The package builds from a Rust extension via maturin. Pre-built wheels are published for the supported platforms; on others, pip will compile from source (requires Rust toolchain).

import adamo

Re-exports:

SymbolFromDescription
connectadamo.operate._configOpen a Session from an API key.
connect_asyncadamo.operate._configAsync variant of connect.
Sessionadamo.operate.sessionThe pub/sub / query / liveliness session.
Sampleadamo.operate.sessionA received message.
Publisheradamo.operate.sessionA persistent publisher.
Subscriberadamo.operate.sessionAn iterator over received samples.
Robotadamo.sessionA participant — combines pub/sub with hardware video.
Participantadamo.sessionAlias for Robot.
VideoTrackadamo._videoPython-fed video track (lazy import).
dataadamo.dataRecorded-session client (lazy import).
operateadamo.operateThe pub/sub submodule (lazy import).
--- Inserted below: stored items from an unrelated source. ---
lemma quad_form_eq_matvec: "quad_form d A x = (\<Sum>i\<le>d. x i * matvec d A x i) / 2"
proof -
  have "(\<Sum>i\<le>d. x i * matvec d A x i) = (\<Sum>i\<le>d. \<Sum>j\<le>d. x i * of_rat (A i j) * x j)"
    by (simp add: matvec_def sum_distrib_left mult.assoc)
  then show ?thesis by (simp add: quad_form_def)
qed

lemma matvec_lincomb:
  "matvec d A (\<lambda>j. a * u j + b * v j) i = a * matvec d A u i + b * matvec d A v i"
  by (simp add: matvec_def sum.distrib sum_distrib_left algebra_simps)

lemma quad_form_uminus: "quad_form d (\<lambda>i j. - A i j) x = - quad_form d A x"
  by (simp add: quad_form_def of_rat_minus sum_negf)

lemma matvec_pairing_sym:
  assumes symm: "\<forall>i\<le>d. \<forall>j\<le>d. A i j = A j i"
  shows "(\<Sum>i\<le>d. u i * matvec d A v i) = (\<Sum>i\<le>d. v i * matvec d A u i)"
proof -
  have "(\<Sum>i\<le>d. u i * matvec d A v i) = (\<Sum>i\<le>d. \<Sum>j\<le>d. v j * (of_rat (A j i) * u i))"
    unfolding matvec_def sum_distrib_left by (intro sum.cong refl) (simp add: symm)
  also have "\<dots> = (\<Sum>i\<le>d. v i * matvec d A u i)"
    unfolding matvec_def sum_distrib_left by (rule sum.swap)
  finally show ?thesis .
qed

lemma quad_form_add_scaled:
  assumes symm: "\<forall>i\<le>d. \<forall>j\<le>d. A i j = A j i"
  shows "quad_form d A (\<lambda>i. x i + t * w i)
           = quad_form d A x + t * (\<Sum>i\<le>d. w i * matvec d A x i) + t\<^sup>2 * quad_form d A w"
proof -
  have "matvec d A (\<lambda>j. x j + t * w j) i = matvec d A x i + t * matvec d A w i" for i
    using matvec_lincomb[of d A 1 x t w i] by simp
  then have "2 * quad_form d A (\<lambda>i. x i + t * w i)
      = (\<Sum>i\<le>d. x i * matvec d A x i) + t * (\<Sum>i\<le>d. w i * matvec d A x i)
        + t * (\<Sum>i\<le>d. x i * matvec d A w i) + t\<^sup>2 * (\<Sum>i\<le>d. w i * matvec d A w i)"
    by (simp add: quad_form_eq_matvec sum.distrib sum_distrib_left algebra_simps power2_eq_square)
  then show ?thesis
    using matvec_pairing_sym[OF symm, of x w] by (simp add: quad_form_eq_matvec)
qed

lemma quad_form_diff:
  assumes symm: "\<forall>i\<le>d. \<forall>j\<le>d. A i j = A j i"
  shows "quad_form d A y - quad_form d A x
           = (\<Sum>i\<le>d. (y i - x i) * (matvec d A y i + matvec d A x i)) / 2"
  using matvec_pairing_sym[OF symm, of x y]
  by (simp add: quad_form_eq_matvec algebra_simps sum.distrib sum_subtractf diff_divide_distrib)

lemma continuous_on_coordinate: "continuous_on S (\<lambda>x::nat \<Rightarrow> real. x i)"
  by (rule continuous_on_subset[OF continuous_on_product_coordinates]) simp

lemma continuous_on_quad_form: "continuous_on S (quad_form d A)"
  unfolding quad_form_def by (intro continuous_intros continuous_on_coordinate)

lemma std_simplex_nonempty: "std_simplex d \<noteq> {}"
proof -
  have "(\<lambda>i. if i = 0 then 1 else 0) \<in> std_simplex d"
    by (simp add: std_simplex_def)
  then show ?thesis by blast
qed

lemma std_simplex_le_1: "x \<in> std_simplex d \<Longrightarrow> x i \<le> 1"
proof (cases "i \<le> d")
  case True
  assume x: "x \<in> std_simplex d"
  then have "x i \<le> (\<Sum>j\<le>d. x j)"
    using True by (intro member_le_sum) (auto simp: std_simplex_def)
  then show ?thesis using x by (simp add: std_simplex_def)
qed (simp add: std_simplex_def)

lemma compact_std_simplex: "compact (std_simplex d)"
proof -
  define B where "B i = (if i \<le> d then {0..1} else {0 :: real})" for i :: nat
  have "compactin (product_topology (\<lambda>_. euclidean) UNIV) (PiE UNIV B)"
    by (subst compactin_PiE) (auto simp: B_def)
  then have "compact (PiE UNIV B)"
    by (simp add: euclidean_product_topology)
  moreover have "closed {x :: nat \<Rightarrow> real. (\<Sum>i\<le>d. x i) = 1}"
    by (intro closed_Collect_eq continuous_intros continuous_on_coordinate)
  moreover have "std_simplex d = PiE UNIV B \<inter> {x. (\<Sum>i\<le>d. x i) = 1}"
  proof (intro set_eqI iffI)
    fix x assume x: "x \<in> std_simplex d"
    have "x i \<in> B i" for i
      using x std_simplex_le_1[OF x, of i] by (simp add: std_simplex_def B_def)
    then show "x \<in> PiE UNIV B \<inter> {x. (\<Sum>i\<le>d. x i) = 1}"
      using x by (simp add: std_simplex_def PiE_iff)
  next
    fix x assume x: "x \<in> PiE UNIV B \<inter> {x. (\<Sum>i\<le>d. x i) = 1}"
    then have "x i \<in> B i" for i
      by (simp add: PiE_iff)
    then have "(\<forall>i\<le>d. 0 \<le> x i) \<and> (\<forall>i>d. x i = 0)"
      unfolding B_def by (metis atLeastAtMost_iff not_le singletonD)
    then show "x \<in> std_simplex d"
      using x by (simp add: std_simplex_def)
  qed
  ultimately show ?thesis
    using compact_Int_closed by simp
qed

lemma std_simplex_shift_mass:
  assumes x: "x \<in> std_simplex d" and ij: "i \<le> d" "j \<le> d" "i \<noteq> j"
    and t: "- x i \<le> t" "t \<le> x j"
  shows "(\<lambda>k. x k + t * ((if k = i then 1 else 0) - (if k = j then 1 else 0))) \<in> std_simplex d"
proof -
  have "(\<Sum>k\<le>d. (if k = i then 1 else 0) - (if k = j then 1 else 0)) = (0 :: real)"
    using ij by (simp add: sum_subtractf)
  then have "(\<Sum>k\<le>d. x k + t * ((if k = i then 1 else 0) - (if k = j then 1 else 0))) = 1"
    using x by (simp add: std_simplex_def sum.distrib sum_distrib_left[symmetric])
  moreover have "0 \<le> x k + t * ((if k = i then 1 else 0) - (if k = j then 1 else 0))" if "k \<le> d" for k
    using x that ij t by (auto simp: std_simplex_def)
  ultimately show ?thesis
    using x ij by (simp add: std_simplex_def)
qed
adamo.JointState, adamo.Joy, adamo.JoystickCommand are exposed via from adamo import … (re-exports of adamo.operate.control).


adamo.connect(
*,
api_key: str | None = None,
token: str | None = None,
org_id: str | None = None,
api_url: str = "https://q14iirks46.execute-api.eu-west-2.amazonaws.com",
protocol: str = "quic",
mtls: bool = False,
) -> Session

Open an authenticated session. Provide an api_key for live SDK sessions. Token auth is still used by browser/user flows, but token-based Python live sessions are not wired in the native transport yet.

ArgDescription
api_keyAn API key starting with ak_. Used for robots and scripts.
tokenA Supabase JWT. Used for user-authenticated sessions.
org_idRequired only with token if the user belongs to multiple orgs.
api_urlOverride the Adamo API base URL.
protocolTransport — "quic" (default), "udp", or "tcp".
mtlsUse the mTLS QUIC path when routers require client certificates.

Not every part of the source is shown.